Avoid generic, boilerplate explanations. Use what you’ve learned about their business to tell a story. Help them visualize the impact of your solution in a way that feels relevant and specific to them.
Current challenges
Clearly outline the client's issues. Keep it concise and focused on the core problems they need to solve.
For example:
"Currently, [Client Name] is experiencing a high drop-off rate on their landing pages, resulting in lost leads and lower revenue. Despite driving traffic through paid ads, conversions remain below industry benchmarks, suggesting friction in the user journey."
Proposed solution & vision for success
Describe the outcome your solution will deliver. Instead of just listing features, paint a vision of what success looks like after implementation.
"By optimizing landing page design, streamlining the call-to-action, and implementing a retargeting strategy, we expect to improve conversion rates by at least 20% within the next three months. This means more qualified leads, lower customer acquisition costs, and ultimately, higher revenue for [Client Name]."
Payment terms
Be clear about how and when payments are due. Avoid vague statements like “Payment plan will be discussed upon agreement.” Instead, state:
- Deposit: 50% upfront to begin work
- Milestone Payment: 25% after the first phase
- Final Payment: 25% upon completion
Outline available payment methods (bank transfer, PayPal, etc.). If applicable, mention late payment fees or refund policies to prevent disputes.
Call to action
Don’t leave the client wondering what to do next. Instead of something vague like “Let us know if you have any questions,”, guide them towards an action:
"To move forward, select your preferred package and sign the attached agreement. If anything needs clarification, we can schedule a call to review the details.”

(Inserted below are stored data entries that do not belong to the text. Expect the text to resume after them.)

lemma active_imp_noise_norm_le:
  assumes "noise_ok \<omega>" "t \<in> {1..T}" "active t \<omega>"
  shows "norm (noise t \<omega>) \<le> sqrt var_proxy"
proof (rule real_le_rsqrt)
  have "(norm (noise t \<omega>))\<^sup>2 \<le> \<sigma>0\<^sup>2 + \<sigma>1\<^sup>2 * (norm (grad t \<omega>))\<^sup>2"
    using assms by (auto simp: noise_ok_def)
  also have "\<dots> \<le> var_proxy"
    unfolding var_proxy_def using active_imp_grad_norm_sq_le assms(2,3)
    by (intro add_left_mono mult_left_mono) auto
  finally show "(norm (noise t \<omega>))\<^sup>2 \<le> var_proxy" .
qed

lemma abs_inc_le_inc_scale:
  assumes "noise_ok \<omega>" "t \<in> {1..T}"
  shows "\<bar>inc t \<omega>\<bar> \<le> inc_scale t \<omega>"
proof (cases "active t \<omega>")
  case True
  have "0 \<le> 1 - \<beta> * \<eta>" "1 - \<beta> * \<eta> \<le> 1"
    using \<beta>_\<eta>_le \<beta>_pos \<eta>_pos by auto
  then have "\<bar>inc t \<omega>\<bar> \<le> \<eta> * \<bar>grad t \<omega> \<bullet> noise t \<omega>\<bar>"
    using True \<eta>_pos
    by (auto simp: inc_def mart_inc_def abs_mult intro!: mult_left_le_one_le)
  also have "\<dots> \<le> \<eta> * (norm (grad t \<omega>) * norm (noise t \<omega>))"
    using Cauchy_Schwarz_ineq2[of "grad t \<omega>" "noise t \<omega>"] \<eta>_pos by (intro mult_left_mono) auto
  also have "\<dots> \<le> \<eta> * (norm (grad t \<omega>) * sqrt var_proxy)"
    using active_imp_noise_norm_le[OF assms True] \<eta>_pos by (intro mult_left_mono) auto
  also have "\<dots> = inc_scale t \<omega>"
    using True by (simp add: inc_scale_def grad_sq_stopped_def real_sqrt_mult mult.commute)
  finally show ?thesis .
qed (simp add: inc_def inc_scale_nonneg)

lemma abs_inc_le_inc_bound: "noise_ok \<omega> \<Longrightarrow> t \<in> {1..T} \<Longrightarrow> \<bar>inc t \<omega>\<bar> \<le> inc_bound"
  using abs_inc_le_inc_scale inc_scale_le by (meson atLeastAtMost_iff order_trans)

lemma exp_mg_increment_le:
  assumes "0 \<le> \<theta>" "noise_ok \<omega>" "t \<in> {1..T}"
  shows "exp (\<theta> * inc t \<omega> - \<theta>\<^sup>2 / 2 * (inc_scale t \<omega>)\<^sup>2) \<le> 1 + inc t \<omega> * sinh_weight \<theta> t \<omega>"
proof -
  define c where "c = inc_scale t \<omega>"
  have inc_le: "\<bar>inc t \<omega>\<bar> \<le> c"
    unfolding c_def using abs_inc_le_inc_scale[OF assms(2,3)] .
  show ?thesis
  proof (cases "c = 0")
    case True
    then show ?thesis using inc_le by (simp add: c_def)
  next
    case False
    then have "c > 0" using inc_scale_nonneg by (simp add: c_def order_less_le)
    define E where "E = exp (- (\<theta>\<^sup>2 / 2) * c\<^sup>2)"
    have "exp (\<theta> * inc t \<omega> - \<theta>\<^sup>2 / 2 * c\<^sup>2) = exp (\<theta> * inc t \<omega>) * E"
      by (simp add: E_def flip: exp_add)
    also have "\<dots> \<le> (cosh (\<theta> * c) + inc t \<omega> / c * sinh (\<theta> * c)) * E"
      using exp_le_cosh_plus_sinh[OF inc_le \<open>c > 0\<close> assms(1)] by (simp add: E_def)
    also have "\<dots> = cosh (\<theta> * c) * E + inc t \<omega> * sinh_weight \<theta> t \<omega>"
      by (simp add: sinh_weight_def E_def c_def algebra_simps)
    also have "cosh (\<theta> * c) * E \<le> exp ((\<theta> * c)\<^sup>2 / 2) * E"
      using cosh_le_exp_half_square[of "\<theta> * c"] assms(1) \<open>c > 0\<close> by (simp add: E_def)
    also have "exp ((\<theta> * c)\<^sup>2 / 2) * E = 1"
      by (simp add: E_def power_mult_distrib flip: exp_add)
    finally show ?thesis by (simp add: c_def)
  qed
qed

lemma sinh_weight_nonneg: "0 \<le> \<theta> \<Longrightarrow> 0 \<le> sinh_weight \<theta> t \<omega>"
  using inc_scale_nonneg by (simp add: sinh_weight_def)

lemma sinh_weight_le:
  assumes "0 \<le> \<theta>" "1 \<le> t"
  shows "sinh_weight \<theta> t \<omega> \<le> \<theta> * exp (\<theta> * inc_bound)"
proof (cases "inc_scale t \<omega> = 0")
  case False
  define c where "c = inc_scale t \<omega>"
  have "c > 0" using False inc_scale_nonneg by (simp add: c_def order_less_le)
  have "sinh_weight \<theta> t \<omega> = exp (- (\<theta>\<^sup>2 / 2) * c\<^sup>2) * (sinh (\<theta> * c) / c)"
    by (simp add: sinh_weight_def c_def)
  also have "\<dots> \<le> sinh (\<theta> * c) / c"
    using \<open>c > 0\<close> assms(1) by (intro mult_left_le_one_le) auto
  also have "\<dots> \<le> \<theta> * c * exp (\<theta> * c) / c"
    using sinh_le_mult_exp[of "\<theta> * c"] \<open>c > 0\<close> assms(1) by (intro divide_right_mono) auto
  also have "\<dots> \<le> \<theta> * exp (\<theta> * inc_bound)"
    using \<open>c > 0\<close> assms inc_scale_le[OF assms(2)] by (simp add: c_def mult_left_mono)
  finally show ?thesis .
qed (use assms in \<open>simp add: sinh_weight_def\<close>)

lemma mg_exponent_le:
  assumes "0 \<le> \<theta>" "noise_ok \<omega>" "n \<le> Suc T"
  shows "mg_exponent \<theta> n \<omega> \<le> real n * (\<theta> * inc_bound)"
proof -
  have "mg_exponent \<theta> n \<omega> \<le> (\<Sum>t\<in>{1..<n}. \<theta> * inc_bound)"
    unfolding mg_exponent_def
  proof (rule sum_mono)
    fix t assume "t \<in> {1..<n}"
    then have "\<bar>inc t \<omega>\<bar> \<le> inc_bound"
      using abs_inc_le_inc_bound[OF assms(2)] assms(3) by auto
    then have "\<theta> * inc t \<omega> \<le> \<theta> * inc_bound"
      using assms(1) by (intro mult_left_mono) auto
    moreover have "0 \<le> \<theta>\<^sup>2 / 2 * (inc_scale t \<omega>)\<^sup>2" by simp
    ultimately show "\<theta> * inc t \<omega> - \<theta>\<^sup>2 / 2 * (inc_scale t \<omega>)\<^sup>2 \<le> \<theta> * inc_bound"
      by linarith
  qed
  also have "\<dots> \<le> real n * (\<theta> * inc_bound)"
    using assms(1) inc_bound_nonneg by (simp add: mult_right_mono)
  finally show ?thesis .
qed

section \<open>An exponential supermartingale\<close>

lemma integral_mult_inc_eq_0:
  assumes n: "1 \<le> n" "n \<le> T" and Z: "Z \<in> borel_measurable (hist n)"
    and Z_bounded: "AE \<omega> in M. \<bar>Z \<omega>\<bar> \<le> B"
  shows "(\<integral>\<omega>. Z \<omega> * inc n \<omega> \<partial>M) = 0"
proof -
  define k where "k = - (\<eta> * (1 - \<beta> * \<eta>))"
  define R where "R = sqrt (2 * \<beta> * gap_bound)"
  define C where "C = \<bar>k\<bar> * (\<bar>B\<bar> * (R * (R + sqrt var_proxy)))"
  define V where "V \<omega> = (if active n \<omega> then k * Z \<omega> else 0) *\<^sub>R grad n \<omega>" for \<omega>
  note [measurable] = Z hist_measurable[OF n(1)]
  have V_measurable: "V \<in> borel_measurable (hist n)"
    unfolding V_def by measurable
  have V_bounded: "norm (V \<omega>) * norm y \<le> C"
    if "\<bar>Z \<omega>\<bar> \<le> B" "active n \<omega> \<Longrightarrow> norm y \<le> R + sqrt var_proxy" for \<omega> y
  proof (cases "active n \<omega>")
    case True
    have "norm (V \<omega>) * norm y = \<bar>k\<bar> * (\<bar>Z \<omega>\<bar> * (norm (grad n \<omega>) * norm y))"
      using True by (simp add: V_def abs_mult)
    also have "\<dots> \<le> C"
      unfolding C_def using that True active_imp_grad_norm_le[OF True n(1)] \<beta>_pos gap_bound_pos
      by (intro mult_left_mono mult_mono) (auto simp: R_def)
    finally show ?thesis .
  qed (use \<beta>_pos gap_bound_pos var_proxy_nonneg in \<open>simp add: V_def C_def R_def\<close>)
  have norms_le: "norm (grad n \<omega>) \<le> R + sqrt var_proxy" "norm (g n \<omega>) \<le> R + sqrt var_proxy"
    if "noise_ok \<omega>" "active n \<omega>" for \<omega>
  proof -
    have "norm (grad n \<omega>) \<le> R" "norm (noise n \<omega>) \<le> sqrt var_proxy" "0 \<le> sqrt var_proxy"
      using that n active_imp_grad_norm_le active_imp_noise_norm_le var_proxy_nonneg
      by (auto simp: R_def)
    moreover have "norm (g n \<omega>) \<le> norm (grad n \<omega>) + norm (noise n \<omega>)"
      using norm_triangle_ineq[of "grad n \<omega>" "noise n \<omega>"] by (simp add: noise_def)
    ultimately show "norm (grad n \<omega>) \<le> R + sqrt var_proxy" "norm (g n \<omega>) \<le> R + sqrt var_proxy"
      by linarith+
  qed
  have "Z \<omega> * inc n \<omega> = V \<omega> \<bullet> (g n \<omega> - grad n \<omega>)" for \<omega>
    by (simp add: V_def inc_def mart_inc_def noise_def k_def)
  then have "(\<integral>\<omega>. Z \<omega> * inc n \<omega> \<partial>M) = (\<integral>\<omega>. V \<omega> \<bullet> (g n \<omega> - grad n \<omega>) \<partial>M)"
    by simp
  also have "\<dots> = 0"
  proof (rule integral_inner_cond_exp_centered[OF _ hist_sigma_finite V_measurable])
    show "AE \<omega> in M. real_cond_exp M (hist n) (\<lambda>\<omega>. g n \<omega> \<bullet> b) \<omega> = grad n \<omega> \<bullet> b"
      if "b \<in> Basis" for b
      using unbiased[OF n that] by (simp add: hist_def grad_def)
    show "AE \<omega> in M. norm (V \<omega>) * norm (g n \<omega>) \<le> C"
      "AE \<omega> in M. norm (V \<omega>) * norm (grad n \<omega>) \<le> C"
      using AE_noise_ok Z_bounded by (auto intro!: V_bounded norms_le elim: AE_mp)
  qed (simp_all add: finite_measure_axioms g_measurable)
  finally show ?thesis .
qed

lemma mg_exponent_Suc:
  "1 \<le> n \<Longrightarrow> mg_exponent \<theta> (Suc n) \<omega> = mg_exponent \<theta> n \<omega> + (\<theta> * inc n \<omega> - \<theta>\<^sup>2 / 2 * (inc_scale n \<omega>)\<^sup>2)"
  by (simp add: mg_exponent_def atLeastLessThanSuc)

Adjust Your Pricing Proposal Process to Secure Your Next Big Opportunity
Now, you’ve seen how to refine your pricing proposal to win more deals. Just to remind you: most times pricing proposals fall flat not because of price, but because they’re sent too soon, packed with too much infomation, or discussed with the wrong person.
So next time a prospect says, “Can you send me a pricing proposal?”, remember:
- First, ensure you’re talking to the person who can say “yes”
- Then, hop on a call to understand their budget, needs, and expected value
- Finally, share pricing framed around the value they want and offer options.
And that’s how you create a pricing proposal that limits ghosting and gets more yeses.